Every line from the beginning of the data through the line containing "using finite_imageD[OF _" should be reproduced exactly, and no further lines should be output.

■ **Stored data entries**
[Start of section]

text \<open>In a Moebius category every split monomorphism is an identity: if k h = 1_x
  with h not an identity, the alternating lists form infinitely many proper
  decompositions of 1_x.\<close>
lemma split_mono_is_identity:
  assumes hk: "t h = s k" and kh: "cmp k h = e x"
    and fin: "finite (proper_decomps s t e cmp (e x))"
  shows "is_identity s e h"
proof (rule ccontr)
  assume h_non_id: "\<not> is_identity s e h"
  have src_h: "s h = x" using source_cmp[OF hk] kh by (metis source_id)
  have tgt_k: "t k = s h" using target_cmp[OF hk] kh src_h by (metis target_id)
  have k_non_id: "\<not> is_identity s e k"
  proof
    assume "is_identity s e k"
    then have "k = e (t h)" using hk identity_at_source by metis
    then have "cmp k h = h" by simp
    with kh h_non_id show False unfolding is_identity_def by auto
  qed
  have "alternating h k n \<in> proper_decomps s t e cmp (e x)" for n
  proof -
    have "alternating h k n \<noteq> []" by (cases n) auto
    then show ?thesis
      unfolding proper_decomps_def
      using comp_list_alternating[OF hk kh src_h] composable_alternating[OF hk tgt_k]
        set_alternating[of h k n] length_alternating[of h k n] h_non_id k_non_id
      by simp
  qed
  then have "range (alternating h k) \<subseteq> proper_decomps s t e cmp (e x)" by blast
  moreover have "infinite (range (alternating h k))"
    using finite_imageD[OF _ inj_alternating] by auto
  ultimately show False using fin finite_subset by blast
qed

definition factorisations :: "'m \<Rightarrow> ('m \<times> 'm) set" where
  "factorisations g = {(h, k). t h = s k \<and> cmp k h = g}"

text \<open>A factorisation with no identity factor is a proper decomposition of length
  two; so in a Moebius category there are only finitely many factorisations.\<close>
lemma finite_factorisations:
  assumes fin: "finite (proper_decomps s t e cmp g)"
  shows "finite (factorisations g)"
proof -
  have "factorisations g \<subseteq> {(e (s g), g), (g, e (t g))}
      \<union> (\<lambda>fs. (fs ! 0, fs ! 1)) ` proper_decomps s t e cmp g"
  proof
    fix p assume "p \<in> factorisations g"
    then obtain h k where p: "p = (h, k)" and hk: "t h = s k" and g: "g = cmp k h"
      unfolding factorisations_def by auto
    consider "is_identity s e h" | "is_identity s e k"
      | "\<not> is_identity s e h" "\<not> is_identity s e k" by blast
    then show "p \<in> {(e (s g), g), (g, e (t g))}
        \<union> (\<lambda>fs. (fs ! 0, fs ! 1)) ` proper_decomps s t e cmp g"
    proof cases
      case 1
      then have h: "h = e (s k)" using hk identity_at_target by metis
      then have "g = k" using g id_right[of k] by simp
      then show ?thesis using h p by simp
    next
      case 2
      then have k: "k = e (t h)" using hk identity_at_source by metis
      then have "g = h" using g id_left[of h] by simp
      then show ?thesis using k p by simp
    next
      case 3
      then have "[h, k] \<in> proper_decomps s t e cmp g"
        unfolding proper_decomps_def
        using hk g by (auto simp: composable_list_Cons2 composable_list_singleton)
      then show ?thesis using p by force
    qed
  qed
  moreover have "finite ((\<lambda>fs. (fs ! 0, fs ! 1)) ` proper_decomps s t e cmp g)"
    using fin by (rule finite_imageI)
  ultimately show ?thesis
    by (meson finite.emptyI finite.insertI finite_UnI finite_subset)
qed

lemma mle_refl: "mle s t cmp f f"
  unfolding mle_def by (rule exI[of _ "e (t f)"]) simp

lemma mle_trans:
  assumes "mle s t cmp f g" and "mle s t cmp g h"
  shows "mle s t cmp f h"
proof -
  obtain a b where "t f = s a" "g = cmp a f" "t g = s b" "h = cmp b g"
    using assms unfolding mle_def by blast
  then show ?thesis unfolding mle_def
    by (intro exI[of _ "cmp b a"]) (simp add: assoc)
qed

definition interval :: "'m \<Rightarrow> 'm \<Rightarrow> 'm set" where
  "interval a c = {b. mle s t cmp a b \<and> mle s t cmp b c}"

end

locale right_cancellative_category = category_struct s t e cmp
  for s t :: "'m \<Rightarrow> 'o" and e :: "'o \<Rightarrow> 'm" and cmp :: "'m \<Rightarrow> 'm \<Rightarrow> 'm" +
  assumes rc: "right_cancellative s t cmp"
begin

lemma cancel: "t f = s g \<Longrightarrow> t f = s h \<Longrightarrow> cmp g f = cmp h f \<Longrightarrow> g = h"
  using rc unfolding right_cancellative_def by blast

lemma factorisation_through:
  assumes h: "t a = s h" and k: "t (cmp h a) = s k" and g: "t a = s g"
    and c: "cmp k (cmp h a) = cmp g a"
  shows "t h = s k" and "cmp k h = g"
proof -
  show hk: "t h = s k" using k h by simp
  have "cmp (cmp k h) a = cmp g a" using c assoc[OF h hk] by simp
  then show "cmp k h = g" using cancel[of a "cmp k h" g] h hk g by simp
qed

text \<open>In a Moebius category the preorder \<le> is antisymmetric: g = h f and f = k g
  give k h = 1 by cancellation, so h is an identity.\<close>
lemma mle_antisym:
  assumes fin: "\<forall>f. finite (proper_decomps s t e cmp f)"
    and fg: "mle s t cmp f g" and gf: "mle s t cmp g f"
  shows "f = g"
proof -
  obtain h where h: "t f = s h" "g = cmp h f" using fg unfolding mle_def by blast
  obtain k where k: "t g = s k" "f = cmp k g" using gf unfolding mle_def by blast
  have "t (cmp h f) = s k" using h(2) k(1) by simp
  moreover have "cmp k (cmp h f) = cmp (e (t f)) f"
    by (simp only: h(2)[symmetric] k(2)[symmetric] id_left)
  ultimately have "t h = s k" and "cmp k h = e (t f)"
    using factorisation_through[OF h(1) _ source_id[symmetric]] by auto
  then have "is_identity s e h" using split_mono_is_identity fin by blast
  then have "h = e (t f)" using h(1) identity_at_source by metis
  then show ?thesis using h(2) by simp
qed

lemma factorisation_compose:
  assumes g: "t a = s g" and hk: "(h, k) \<in> factorisations g"
  shows "t a = s h" and "t (cmp h a) = s k" and "cmp k (cmp h a) = cmp g a"
proof -
  have hk': "t h = s k" "cmp k h = g" using hk unfolding factorisations_def by auto
  show ah: "t a = s h" using g source_cmp[OF hk'(1)] hk'(2) by simp
  show "t (cmp h a) = s k" using ah hk'(1) by simp
  show "cmp k (cmp h a) = cmp g a" using assoc[OF ah hk'(1)] hk'(2) by simp
qed

lemma interval_factorisations:
  assumes g: "t a = s g"
  shows "bij_betw (\<lambda>(h, k). cmp h a) (factorisations g) (interval a (cmp g a))"
proof (rule bij_betw_imageI)
  show "inj_on (\<lambda>(h, k). cmp h a) (factorisations g)"
  proof (rule inj_onI, clarify)
    fix h k h' k'
    assume fhk: "(h, k) \<in> factorisations g" and fhk': "(h', k') \<in> factorisations g"
      and eq: "cmp h a = cmp h' a"
    have h_eq: "h = h'"
      using cancel[OF factorisation_compose(1)[OF g fhk] factorisation_compose(1)[OF g fhk'] eq] .
    have hk: "t h = s k" "cmp k h = g" and hk': "t h' = s k'" "cmp k' h' = g"
      using fhk fhk' unfolding factorisations_def by auto
    have "cmp k h = cmp k' h" using hk(2) hk'(2) unfolding h_eq by simp
    then have "k = k'" using cancel[OF hk(1)] hk'(1) unfolding h_eq by blast
    with h_eq show "h = h' \<and> k = k'" by simp
  qed
  show "(\<lambda>(h, k). cmp h a) ` factorisations g = interval a (cmp g a)"
  proof
    show "(\<lambda>(h, k). cmp h a) ` factorisations g \<subseteq> interval a (cmp g a)"
    proof clarify
      fix h k assume "(h, k) \<in> factorisations g"
      note hk = factorisation_compose[OF g this]
      show "cmp h a \<in> interval a (cmp g a)"
        unfolding interval_def mle_def using hk(1,2) hk(3)[symmetric] by blast
    qed
    show "interval a (cmp g a) \<subseteq> (\<lambda>(h, k). cmp h a) ` factorisations g"
    proof
      fix b assume "b \<in> interval a (cmp g a)"
      then obtain h k where h: "t a = s h" "b = cmp h a" and k: "t b = s k" "cmp g a = cmp k b"
        unfolding interval_def mle_def by blast
      have "t (cmp h a) = s k" and "cmp k (cmp h a) = cmp g a"
        using h(2) k by simp_all
      then have "(h, k) \<in> factorisations g"
        using factorisation_through[OF h(1) _ g] unfolding factorisations_def by simp
      then show "b \<in> (\<lambda>(h, k). cmp h a) ` factorisations g"
        by (intro image_eqI[of _ _ "(h, k)"]) (simp_all add: h(2))
    qed
  qed
qed

lemma finite_interval:
  assumes fin: "\<forall>f. finite (proper_decomps s t e cmp f)"
  shows "finite (interval a c)"
proof (cases "mle s t cmp a c")
  case False
  then have "interval a c = {}" unfolding interval_def using mle_trans by blast
  then show ?thesis by simp
next
  case True
  then obtain g where g: "t a = s g" "c = cmp g a" unfolding mle_def by blast
  have "finite (factorisations g)" using finite_factorisations fin by blast
  then show ?thesis
    using bij_betw_finite[OF interval_factorisations[OF g(1)]] g(2) by simp
qed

[End of section]

■ **RESPONSE BOX**
text \<open>In a Moebius category every split monomorphism is an identity: if k h = 1_x
  with h not an identity, the alternating lists form infinitely many proper
  decompositions of 1_x.\<close>
lemma split_mono_is_identity:
  assumes hk: "t h = s k" and kh: "cmp k h = e x"
    and fin: "finite (proper_decomps s t e cmp (e x))"
  shows "is_identity s e h"
proof (rule ccontr)
  assume h_non_id: "\<not> is_identity s e h"
  have src_h: "s h = x" using source_cmp[OF hk] kh by (metis source_id)
  have tgt_k: "t k = s h" using target_cmp[OF hk] kh src_h by (metis target_id)
  have k_non_id: "\<not> is_identity s e k"
  proof
    assume "is_identity s e k"
    then have "k = e (t h)" using hk identity_at_source by metis
    then have "cmp k h = h" by simp
    with kh h_non_id show False unfolding is_identity_def by auto
  qed
  have "alternating h k n \<in> proper_decomps s t e cmp (e x)" for n
  proof -
    have "alternating h k n \<noteq> []" by (cases n) auto
    then show ?thesis
      unfolding proper_decomps_def
      using comp_list_alternating[OF hk kh src_h] composable_alternating[OF hk tgt_k]
        set_alternating[of h k n] length_alternating[of h k n] h_non_id k_non_id
      by simp
  qed
  then have "range (alternating h k) \<subseteq> proper_decomps s t e cmp (e x)" by blast
  moreover have "infinite (range (alternating h k))"
    using finite_imageD[OF _ inj_alternating] by auto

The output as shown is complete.